AHE rests on three observability layers:

  • Component observabilityNexAU decomposes the harness into seven orthogonal, file-level components, each git-tracked so every edit is auditable and revertible.
  • Experience observabilityAgent Debugger distills ~10M-token raw traces into layered, sourced reports; the optimizer reads digests by default but can always drill back to any rollout's raw trace.
  • Decision observabilityEvolve Agent proposes evidence-backed edits, predicts their impact, and is automatically falsified by the next iteration's flipped tasks.

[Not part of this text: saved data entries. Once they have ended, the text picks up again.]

section \<open>Unitangent normals on faces make a norm tight\<close>

lemma decomp_zero_left: "is_decomp N Q b 0 b"
  unfolding is_decomp_def
proof (intro conjI allI impI)
  fix a' b' assume "b = a' + b'"
  thus "N 0 < N a' \<or> Q b < Q b' \<or> (N a' = N 0 \<and> Q b' = Q b)" by (cases "a' = 0") (simp_all add: pos)
qed simp

lemma decomp_zero_right: "is_decomp P (dual_norm N) a a 0"
  unfolding is_decomp_def
proof (intro conjI allI impI)
  fix a' b' assume "a = a' + b'"
  thus "P a < P a' \<or> dual_norm N 0 < dual_norm N b' \<or> (P a' = P a \<and> dual_norm N b' = dual_norm N 0)"
    by (cases "b' = 0") (simp_all add: dual_norm_pos)
qed simp

lemma X2_decomp_variational:
  assumes X2: "is_decomp N norm c a b" and y: "N y \<le> N a"
  shows "b \<bullet> y \<le> b \<bullet> a"
proof -
  have "convex {y. N y \<le> N a}" by (rule convex_on_sublevel[OF convex])
  moreover have "closed {y. N y \<le> N a}" by (intro closed_Collect_le continuous_on_const continuous)
  moreover have "dist c a \<le> dist c y'" if "y' \<in> {y. N y \<le> N a}" for y'
  proof -
    have "c = y' + (c - y')" by simp
    hence "N a < N y' \<or> norm b < norm (c - y') \<or> (N y' = N a \<and> norm (c - y') = norm b)"
      using X2 unfolding is_decomp_def by blast
    hence "norm b \<le> norm (c - y')" using that by auto
    thus ?thesis using X2 by (simp add: is_decomp_def dist_norm)
  qed
  ultimately have "(c - a) \<bullet> (y - a) \<le> 0" using any_closest_point_dot y by blast
  moreover have "c - a = b" using X2 by (simp add: is_decomp_def)
  ultimately show ?thesis by (simp add: inner_diff_right)
qed

lemma dual_certificate_decomp_XY:
  assumes c: "c = a + b" and u: "N u = 1" "0 < dual_norm N u"
    and cert: "u \<bullet> c = N a * dual_norm N u + dual_norm N b"
  shows "is_decomp N (dual_norm N) c a b"
  unfolding is_decomp_def
proof (intro conjI allI impI)
  fix a' b' assume "c = a' + b'"
  hence "N a * dual_norm N u + dual_norm N b \<le> N a' * dual_norm N u + dual_norm N b'"
    using cert inner_le_norm_mult_dual_norm[of u a'] inner_le_norm_mult_dual_norm[of b' u] u(1)
    by (simp add: inner_add_right inner_commute)
  hence ineq: "dual_norm N b + (N a - N a') * dual_norm N u \<le> dual_norm N b'"
    by (simp add: algebra_simps)
  show "N a < N a' \<or> dual_norm N b < dual_norm N b' \<or> (N a' = N a \<and> dual_norm N b' = dual_norm N b)"
  proof (cases "N a' < N a")
    case True
    hence "0 < (N a - N a') * dual_norm N u" using u(2) by simp
    thus ?thesis using ineq by linarith
  next
    case False
    thus ?thesis using ineq by (cases "N a' = N a") auto
  qed
qed (rule c)

text \<open>By first-order optimality of a, the vector b exposes the face of the unit ball through a / N a;
  the certificate is a unitangent vector perpendicular to that face.\<close>

lemma X2_decomp_dual_certificate:
  assumes H: "\<forall>F. is_face N F \<and> F \<noteq> {} \<and> F \<noteq> unit_ball_of N \<longrightarrow>
       (\<exists>u\<in>F. unitangent N u \<and> (\<forall>v\<in>F. \<forall>w\<in>F. u \<bullet> (v - w) = 0))"
    and X2: "is_decomp N norm c a b" and a: "a \<noteq> 0" and b: "b \<noteq> 0"
  obtains u where "N u = 1" "0 < dual_norm N u" "u \<bullet> c = N a * dual_norm N u + dual_norm N b"
proof -
  define p where "p = (1 / N a) *\<^sub>R a"
  have pB: "p \<in> unit_ball_of N" using normalize[OF a] by (simp add: p_def unit_ball_of_def)
  have max: "b \<bullet> y \<le> b \<bullet> p" if "y \<in> unit_ball_of N" for y
  proof -
    have "b \<bullet> (N a *\<^sub>R y) \<le> b \<bullet> a"
      using that nonneg[of a] by (intro X2_decomp_variational[OF X2]) (simp add: scaleR unit_ball_of_def mult_left_le)
    thus ?thesis using pos[OF a] by (simp add: p_def divide_right_mono mult.commute pos_le_divide_eq)
  qed
  define F where "F = {y\<in>unit_ball_of N. b \<bullet> y = b \<bullet> p}"
  have Yb: "dual_norm N b = b \<bullet> p" using dual_norm_eq_maximum[OF pB max] .
  have "is_face N F" unfolding F_def by (rule exposed_face_is_face) (use max in auto)
  moreover have "p \<in> F" using pB by (simp add: F_def)
  moreover have "0 \<notin> F" using dual_norm_pos[OF b] Yb by (auto simp: F_def)
  hence "F \<noteq> unit_ball_of N" using zero_in_interior_unit_ball interior_subset by blast
  ultimately obtain u where u: "u \<in> F" "unitangent N u" "\<And>v w. v \<in> F \<Longrightarrow> w \<in> F \<Longrightarrow> u \<bullet> (v - w) = 0"
    using H by blast
  have "N u = 1"
    using proper_face_norm_eq_1 \<open>is_face N F\<close> is_face_iff_face_of \<open>F \<noteq> unit_ball_of N\<close> u(1) by blast
  have "u \<bullet> p = dual_norm N u"
    using u(2) u(3)[OF \<open>p \<in> F\<close> u(1)] \<open>N u = 1\<close>
    by (simp add: unitangent_def inner_diff_right power2_norm_eq_inner)
  moreover have "b \<bullet> u = dual_norm N b" using u(1) Yb by (simp add: F_def)
  moreover have "c = N a *\<^sub>R p + b" using X2 pos[OF a] by (simp add: is_decomp_def p_def)
  ultimately have "u \<bullet> c = N a * dual_norm N u + dual_norm N b"
    by (simp add: inner_add_right inner_commute[of u b])
  moreover have "u \<noteq> 0" using \<open>N u = 1\<close> by auto
  ultimately show ?thesis using that[OF \<open>N u = 1\<close> dual_norm_pos] by blast
qed

lemma unitangent_faces_imp_tight:
  assumes H: "\<forall>F. is_face N F \<and> F \<noteq> {} \<and> F \<noteq> unit_ball_of N \<longrightarrow>
       (\<exists>u\<in>F. unitangent N u \<and> (\<forall>v\<in>F. \<forall>w\<in>F. u \<bullet> (v - w) = 0))"
  shows "tight N c"
  unfolding tight_def
proof (intro allI impI)
  fix a b assume X2: "is_decomp N norm c a b"
  hence c: "c = a + b" by (simp add: is_decomp_def)
  show "is_decomp N (dual_norm N) c a b"
  proof (cases "a = 0 \<or> b = 0")
    case True
    thus ?thesis using c decomp_zero_left decomp_zero_right by auto
  next
    case False
    then obtain u where "N u = 1" "0 < dual_norm N u" "u \<bullet> c = N a * dual_norm N u + dual_norm N b"
      using X2_decomp_dual_certificate[OF H X2] by blast
    thus ?thesis by (rule dual_certificate_decomp_XY[OF c])
  qed
qed

end

theorem mainTheorem15:
  fixes N :: "'a::euclidean_space \<Rightarrow> real"
  assumes "is_norm N"
  shows "(\<forall>c. tight N c) \<longleftrightarrow>
    (\<forall>F. is_face N F \<and> F \<noteq> {} \<and> F \<noteq> unit_ball_of N \<longrightarrow>
       (\<exists>u\<in>F. unitangent N u \<and> (\<forall>v\<in>F. \<forall>w\<in>F. inner u (v - w) = 0)))"
proof -
  interpret norm_function N by (rule norm_function.intro[OF assms])
  show ?thesis
  proof
    assume "\<forall>c. tight N c"
    thus "\<forall>F. is_face N F \<and> F \<noteq> {} \<and> F \<noteq> unit_ball_of N \<longrightarrow>
       (\<exists>u\<in>F. unitangent N u \<and> (\<forall>v\<in>F. \<forall>w\<in>F. inner u (v - w) = 0))"
      using tight_imp_unitangent_face by blast
  qed (use unitangent_faces_imp_tight in blast)
qed

end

Across ten evaluate → analyze → improve iterations, AHE (Agentic Harness Engineering) lifts Terminal-Bench 2 pass@1 from 69.7% to 77.0% on GPT-5.4, surpasses the hand-written Codex (71.9%) and the self-evolving ACE and TF-GRPO baselines, and produces a frozen harness that transfers without re-evolution to SWE-bench-verified and to four alternate base models, indicating that the evolved components encode general engineering experience rather than benchmark-specific tuning.

Cross-Model Transfer Case Study Training Curve


🚀 Quick Start

0. Prerequisites

  • Python ≥ 3.13
  • uv
  • tmux
# macOS
brew install uv tmux

# Linux
curl -LsSf https://astral.sh/uv/install.sh | sh
sudo apt install -y tmux

1. Clone + install dependencies

git clone https://github.com/Curry09/agentic-harness-engineering.git
cd agentic-harness-engineering
uv sync

uv sync installs every dependency declared in pyproject.toml.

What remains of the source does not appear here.